• _Instructions for the task_
In the material below, the lines containing the word "subseteq" are required; copy each of them.

• _Task data_
lemma mean_mid_traj: "mean N (mid_traj \<xi> \<eta> t) = (mean N (\<xi> t) + mean N (\<eta> t)) / 2"
  by (cases "N = 0") (simp_all add: mean_def mid_traj_def sum.distrib sum_divide_distrib[symmetric] field_simps)

lemma mid_control_mult_mean:
  assumes "0 \<le> mean N (\<xi> t)" "0 \<le> mean N (\<eta> t)"
  shows "mid_control N \<alpha> \<xi> \<beta> \<eta> t i * mean N (mid_traj \<xi> \<eta> t)
    = (\<alpha> t i * mean N (\<xi> t) + \<beta> t i * mean N (\<eta> t)) / 2"
proof (cases "mean N (\<xi> t) + mean N (\<eta> t) = 0")
  case True
  then have "mean N (\<xi> t) = 0" "mean N (\<eta> t) = 0" using assms by linarith+
  then show ?thesis by (simp add: mean_mid_traj)
next
  case False
  then show ?thesis by (simp add: mid_control_def mean_mid_traj)
qed

lemma weighted_mean_unit_interval:
  fixes a b p q :: real
  assumes "0 \<le> p" "0 \<le> q" "0 \<le> a" "a \<le> 1" "0 \<le> b" "b \<le> 1"
  shows "0 \<le> (a * p + b * q) / (p + q)" "(a * p + b * q) / (p + q) \<le> 1"
proof -
  show "0 \<le> (a * p + b * q) / (p + q)" using assms by simp
  have "a * p + b * q \<le> 1 * p + 1 * q" using assms by (intro add_mono mult_right_mono) auto
  then show "(a * p + b * q) / (p + q) \<le> 1"
    using assms by (cases "p + q = 0") (simp_all add: divide_le_eq)
qed

lemma admissible_mid_control:
  assumes m0: "mean N \<xi>0 \<ge> 0"
    and a1: "admissible N T \<alpha>" and t1: "is_traj N T \<xi>0 \<alpha> \<xi>"
    and a2: "admissible N T \<beta>" and t2: "is_traj N T \<xi>0 \<beta> \<eta>"
  shows "admissible N T (mid_control N \<alpha> \<xi> \<beta> \<eta>)"
  unfolding admissible_def
proof (intro conjI allI impI ballI)
  fix i assume i: "i < N"
  have [measurable]: "(\<lambda>t. \<alpha> t i) \<in> borel_measurable (lebesgue_on {0..T})"
    "(\<lambda>t. \<beta> t i) \<in> borel_measurable (lebesgue_on {0..T})"
    "(\<lambda>t. mean N (\<xi> t)) \<in> borel_measurable (lebesgue_on {0..T})"
    "(\<lambda>t. mean N (\<eta> t)) \<in> borel_measurable (lebesgue_on {0..T})"
    using admissible_measurable[OF a1 i] admissible_measurable[OF a2 i]
      is_traj_measurable_mean[OF t1] is_traj_measurable_mean[OF t2] .
  show "(\<lambda>t. mid_control N \<alpha> \<xi> \<beta> \<eta> t i) \<in> borel_measurable (lebesgue_on {0..T})"
    unfolding mid_control_def by measurable
next
  fix t i assume t: "t \<in> {0..T}" and i: "i < N"
  note unit = weighted_mean_unit_interval[OF mean_traj_nonneg[OF t1 a1 m0 t] mean_traj_nonneg[OF t2 a2 m0 t]
      admissibleD(1,2)[OF a1 t i] admissibleD(1,2)[OF a2 t i]]
  show "0 \<le> mid_control N \<alpha> \<xi> \<beta> \<eta> t i" "mid_control N \<alpha> \<xi> \<beta> \<eta> t i \<le> 1"
    using unit by (simp_all add: mid_control_def)
next
  fix t assume t: "t \<in> {0..T}"
  have "(\<Sum>i<N. mid_control N \<alpha> \<xi> \<beta> \<eta> t i)
      = ((\<Sum>i<N. \<alpha> t i) * mean N (\<xi> t) + (\<Sum>i<N. \<beta> t i) * mean N (\<eta> t)) / (mean N (\<xi> t) + mean N (\<eta> t))"
    unfolding mid_control_def by (simp add: sum_divide_distrib[symmetric] sum.distrib sum_distrib_right)
  also have "\<dots> \<le> 1"
    by (rule weighted_mean_unit_interval(2)[OF mean_traj_nonneg[OF t1 a1 m0 t] mean_traj_nonneg[OF t2 a2 m0 t]
      admissibleD(4,3)[OF a1 t] admissibleD(4,3)[OF a2 t]])
  finally show "(\<Sum>i<N. mid_control N \<alpha> \<xi> \<beta> \<eta> t i) \<le> 1" .
qed

lemma is_traj_mid_traj:
  assumes m0: "mean N \<xi>0 \<ge> 0"
    and a1: "admissible N T \<alpha>" and t1: "is_traj N T \<xi>0 \<alpha> \<xi>"
    and a2: "admissible N T \<beta>" and t2: "is_traj N T \<xi>0 \<beta> \<eta>"
  shows "is_traj N T \<xi>0 (mid_control N \<alpha> \<xi> \<beta> \<eta>) (mid_traj \<xi> \<eta>)"
  unfolding is_traj_def
proof (intro conjI allI impI ballI)
  fix i assume i: "i < N"
  show "continuous_on {0..T} (\<lambda>t. mid_traj \<xi> \<eta> t i)"
    unfolding mid_traj_def
    using is_traj_continuous[OF t1 i] is_traj_continuous[OF t2 i] by (intro continuous_intros) auto
  fix t assume t: "t \<in> {0..T}"
  have "((\<lambda>s. (traj_rhs N \<alpha> \<xi> i s + traj_rhs N \<beta> \<eta> i s) / 2)
      has_integral ((\<xi> t i - \<xi>0 i) + (\<eta> t i - \<xi>0 i)) / 2) {0..t}"
    using has_integral_add[OF is_traj_has_integral[OF t1 i t] is_traj_has_integral[OF t2 i t]]
    by (rule has_integral_divide)
  moreover have "(traj_rhs N \<alpha> \<xi> i s + traj_rhs N \<beta> \<eta> i s) / 2
      = - mid_traj \<xi> \<eta> s i + (1 - mid_control N \<alpha> \<xi> \<beta> \<eta> s i) * mean N (mid_traj \<xi> \<eta> s)"
    if "s \<in> {0..t}" for s
  proof -
    have "s \<in> {0..T}" using that t by auto
    then show ?thesis
      using mid_control_mult_mean[OF mean_traj_nonneg[OF t1 a1 m0] mean_traj_nonneg[OF t2 a2 m0]]
      by (simp add: traj_rhs_def mid_traj_def mean_mid_traj algebra_simps add_divide_distrib diff_divide_distrib)
  qed
  moreover have "((\<xi> t i - \<xi>0 i) + (\<eta> t i - \<xi>0 i)) / 2 = mid_traj \<xi> \<eta> t i - \<xi>0 i"
    by (simp add: mid_traj_def field_simps)
  ultimately show "((\<lambda>s. - mid_traj \<xi> \<eta> s i + (1 - mid_control N \<alpha> \<xi> \<beta> \<eta> s i) * mean N (mid_traj \<xi> \<eta> s))
      has_integral (mid_traj \<xi> \<eta> t i - \<xi>0 i)) {0..t}"
    using has_integral_eq by (metis (no_types, lifting))
qed

lemma Vfun_nonneg: "0 \<le> Vfun N x"
  unfolding Vfun_def by (simp add: sum_nonneg)

lemma Vfun_mid_traj:
  "Vfun N (mid_traj \<xi> \<eta> t) = (Vfun N (\<xi> t) + Vfun N (\<eta> t)) / 2 - Vfun N (\<lambda>i. \<xi> t i - \<eta> t i) / 4"
proof -
  have "(\<Sum>i<N. (mid_traj \<xi> \<eta> t i)\<^sup>2)
      = (\<Sum>i<N. ((\<xi> t i)\<^sup>2 + (\<eta> t i)\<^sup>2) / 2 - (\<xi> t i - \<eta> t i)\<^sup>2 / 4)"
    by (rule sum.cong) (auto simp: mid_traj_def power2_eq_square field_simps)
  also have "\<dots> = ((\<Sum>i<N. (\<xi> t i)\<^sup>2) + (\<Sum>i<N. (\<eta> t i)\<^sup>2)) / 2 - (\<Sum>i<N. (\<xi> t i - \<eta> t i)\<^sup>2) / 4"
    by (simp add: sum_subtractf sum_divide_distrib[symmetric] sum.distrib)
  finally have e: "(\<Sum>i<N. (mid_traj \<xi> \<eta> t i)\<^sup>2) = ((\<Sum>i<N. (\<xi> t i)\<^sup>2) + (\<Sum>i<N. (\<eta> t i)\<^sup>2)) / 2
    - (\<Sum>i<N. (\<xi> t i - \<eta> t i)\<^sup>2) / 4" .
  show ?thesis unfolding Vfun_def e by (cases "N = 0") (simp_all add: field_simps)
qed

lemma continuous_on_Vfun:
  assumes "\<And>i. i < N \<Longrightarrow> continuous_on S (\<lambda>t. x t i)"
  shows "continuous_on S (\<lambda>t. Vfun N (x t))"
  unfolding Vfun_def by (intro continuous_intros) (use assms in auto)

lemma integrable_Vfun_traj:
  assumes "is_traj N T \<xi>0 \<alpha> \<xi>"
  shows "(\<lambda>t. Vfun N (\<xi> t)) integrable_on {0..T}"
  by (intro integrable_continuous_interval continuous_on_Vfun) (use is_traj_continuous[OF assms] in auto)

lemma integrable_Vfun_traj_diff:
  assumes "is_traj N T \<xi>0 \<alpha> \<xi>" "is_traj N T \<xi>0 \<beta> \<eta>"
  shows "(\<lambda>t. Vfun N (\<lambda>i. \<xi> t i - \<eta> t i)) integrable_on {0..T}"
  by (intro integrable_continuous_interval continuous_on_Vfun continuous_intros)
    (use is_traj_continuous[OF assms(1)] is_traj_continuous[OF assms(2)] in auto)

lemma cost_nonneg:
  assumes "is_traj N T \<xi>0 \<alpha> \<xi>"
  shows "0 \<le> cost N T \<xi>"
  unfolding cost_def
  by (rule Henstock_Kurzweil_Integration.integral_nonneg[OF integrable_Vfun_traj[OF assms]]) (simp add: Vfun_nonneg)

lemma cost_mid_traj:
  assumes t1: "is_traj N T \<xi>0 \<alpha> \<xi>" and t2: "is_traj N T \<xi>0 \<beta> \<eta>"
  shows "cost N T (mid_traj \<xi> \<eta>)
    = (cost N T \<xi> + cost N T \<eta>) / 2 - integral {0..T} (\<lambda>t. Vfun N (\<lambda>i. \<xi> t i - \<eta> t i)) / 4"
proof -
  note i1 = integrable_Vfun_traj[OF t1] and i2 = integrable_Vfun_traj[OF t2]
    and i3 = integrable_Vfun_traj_diff[OF t1 t2]
  have "cost N T (mid_traj \<xi> \<eta>)
      = integral {0..T} (\<lambda>t. (Vfun N (\<xi> t) + Vfun N (\<eta> t)) / 2 - Vfun N (\<lambda>i. \<xi> t i - \<eta> t i) / 4)"
    unfolding cost_def Vfun_mid_traj ..
  also have "\<dots> = integral {0..T} (\<lambda>t. (Vfun N (\<xi> t) + Vfun N (\<eta> t)) / 2)
      - integral {0..T} (\<lambda>t. Vfun N (\<lambda>i. \<xi> t i - \<eta> t i) / 4)"
    by (rule integral_diff) (use i1 i2 i3 in \<open>auto intro: integrable_add integrable_on_divide\<close>)
  also have "\<dots> = (cost N T \<xi> + cost N T \<eta>) / 2 - integral {0..T} (\<lambda>t. Vfun N (\<lambda>i. \<xi> t i - \<eta> t i)) / 4"
    unfolding cost_def using integral_add[OF i1 i2] by simp
  finally show ?thesis .
qed
lemma wf_S_saturated_less:
  fixes S :: "'a::r_lattice set"
  assumes "S_Noetherian S"
  shows "wf {(y, x). S_saturated S x \<and> S_saturated S y \<and> x < y}"
proof (rule ccontr)
  assume "\<not> ?thesis"
  then obtain f where f: "\<And>i. f i < f (Suc i)" "\<And>i. S_saturated S (f i)"
    unfolding wf_iff_no_infinite_down_chain by auto
  have mono_f: "f i \<le> f j" if "i \<le> j" for i j
    using lift_Suc_mono_le[of f] f(1) less_imp_le that by metis
  obtain s F where sF: "s \<in> S" "F \<subseteq> range f" "finite F" "s * Sup (range f) \<le> Sup F"
    using assms S_compact_SupE unfolding S_Noetherian_def by metis
  obtain K where "finite K" "F = f ` K" using finite_subset_image[OF sF(3,2)] by blast
  then obtain k where "\<forall>i\<in>K. i \<le> k" using finite_nat_set_iff_bounded_le by blast
  then have "Sup F \<le> f k" using \<open>F = f ` K\<close> mono_f by (auto intro: Sup_least)
  then have "Sup (range f) \<le> res (f k) s"
    using sF(4) by (simp add: le_res_iff mult.commute order_trans)
  also have "\<dots> \<le> f k" using f(2) sF(1) by (simp add: S_saturated_def)
  finally have "f (Suc k) \<le> f k" by (meson Sup_upper rangeI order_trans)
  with f(1)[of k] show False by simp
qed

lemma S_Noetherian_residual_bound:
  fixes S :: "'a::r_lattice set"
  assumes "mult_closed S" "S_Noetherian S"
  obtains s where "s \<in> S" "\<And>t. t \<in> S \<Longrightarrow> res a t \<le> res a s"
proof -
  obtain s0 F where s0F: "s0 \<in> S" "F \<subseteq> (\<lambda>t. res a t) ` S" "finite F"
      "s0 * Sup ((\<lambda>t. res a t) ` S) \<le> Sup F"
    using assms(2) S_compact_SupE unfolding S_Noetherian_def by metis
  obtain K where "K \<subseteq> S" "finite K" "F = (\<lambda>t. res a t) ` K"
    using finite_subset_image[OF s0F(3,2)] by blast
  then obtain t where t: "t \<in> S" "Sup F \<le> res a t"
    using mult_closed_residuals_bounded[OF assms(1)] by (metis SUP_least)
  have "s0 * Sup ((\<lambda>t. res a t) ` S) \<le> res a t" using s0F(4) t(2) by (rule order_trans)
  then have "Sup ((\<lambda>t. res a t) ` S) \<le> res a (t * s0)" by (metis le_res_iff mult.commute res_res)
  moreover have "t * s0 \<in> S" using assms(1) t(1) s0F(1) by (simp add: mult_closed_def)
  ultimately show ?thesis using that by (meson SUP_le_iff)
qed

lemma S_saturated_eq_Inf_prime_elements:
  fixes S :: "'a::r_lattice set"
  assumes "S_Noetherian S"
  shows "S_saturated S c \<Longrightarrow> semiprime c \<Longrightarrow> \<forall>t\<in>S. \<not> t \<le> c \<Longrightarrow>
    \<exists>P. finite P \<and> (\<forall>p\<in>P. prime_element p \<and> (\<forall>t\<in>S. \<not> t \<le> p)) \<and> c = Inf P"
proof (induction c rule: wf_induct_rule[OF wf_S_saturated_less[OF assms]])
  case (1 c)
  note sat = "1.prems"(1) and semi = "1.prems"(2)
  have IH: "\<exists>P. finite P \<and> (\<forall>p\<in>P. prime_element p \<and> (\<forall>t\<in>S. \<not> t \<le> p)) \<and> d = Inf P"
    if "c < d" "S_saturated S d" "semiprime d" "\<forall>t\<in>S. \<not> t \<le> d" for d
    using "1.IH"[of d] sat that by blast
  show ?case
  proof (cases "prime_element c")
    case True
    then show ?thesis using "1.prems" by (intro exI[of _ "{c}"]) auto
  next
    case False
    then obtain x y where xy: "x * y \<le> c" "\<not> x \<le> c" "\<not> y \<le> c"
      unfolding prime_element_def by blast
    define c\<^sub>1 where "c\<^sub>1 = res c y"
    define c\<^sub>2 where "c\<^sub>2 = res c c\<^sub>1"
    have "x \<le> c\<^sub>1" using xy(1) by (simp add: c\<^sub>1_def le_res_iff)
    have "y \<le> c\<^sub>2" unfolding c\<^sub>2_def c\<^sub>1_def by (metis le_res_iff mult.commute order_refl)
    have not_le: "\<not> c\<^sub>1 \<le> c" "\<not> c\<^sub>2 \<le> c"
      using xy(2,3) \<open>x \<le> c\<^sub>1\<close> \<open>y \<le> c\<^sub>2\<close> order_trans by blast+
    have "c \<le> c\<^sub>1" "c \<le> c\<^sub>2" by (simp_all add: c\<^sub>1_def c\<^sub>2_def le_res)
    have c\<^sub>1: "c < c\<^sub>1" "S_saturated S c\<^sub>1" "semiprime c\<^sub>1" "\<forall>t\<in>S. \<not> t \<le> c\<^sub>1"
      using \<open>c \<le> c\<^sub>1\<close> not_le(1) sat semi S_saturated_res_disjoint[OF sat] xy(3)
      by (simp_all add: c\<^sub>1_def less_le_not_le S_saturated_res semiprime_res)
    have c\<^sub>2: "c < c\<^sub>2" "S_saturated S c\<^sub>2" "semiprime c\<^sub>2" "\<forall>t\<in>S. \<not> t \<le> c\<^sub>2"
      using \<open>c \<le> c\<^sub>2\<close> not_le sat semi S_saturated_res_disjoint[OF sat]
      by (simp_all add: c\<^sub>2_def less_le_not_le S_saturated_res semiprime_res)
    obtain P\<^sub>1 where
      "finite P\<^sub>1" "\<forall>p\<in>P\<^sub>1. prime_element p \<and> (\<forall>t\<in>S. \<not> t \<le> p)" "c\<^sub>1 = Inf P\<^sub>1"
      using IH[OF c\<^sub>1] by blast
    moreover obtain P\<^sub>2 where
      "finite P\<^sub>2" "\<forall>p\<in>P\<^sub>2. prime_element p \<and> (\<forall>t\<in>S. \<not> t \<le> p)" "c\<^sub>2 = Inf P\<^sub>2"
      using IH[OF c\<^sub>2] by blast
    moreover have "c = inf c\<^sub>1 c\<^sub>2"
      using semiprime_inf_res[OF semi \<open>c \<le> c\<^sub>1\<close>] by (simp add: c\<^sub>2_def)
    ultimately show ?thesis by (intro exI[of _ "P\<^sub>1 \<union> P\<^sub>2"]) (auto simp: Inf_union_distrib)
  qed
qed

• _Output below_
  obtain s F where sF: "s \<in> S" "F \<subseteq> range f" "finite F" "s * Sup (range f) \<le> Sup F"
  obtain s0 F where s0F: "s0 \<in> S" "F \<subseteq> (\<lambda>t. res a t) ` S" "finite F"
  obtain K where "K \<subseteq> S" "finite K" "F = (\<lambda>t. res a t) ` K"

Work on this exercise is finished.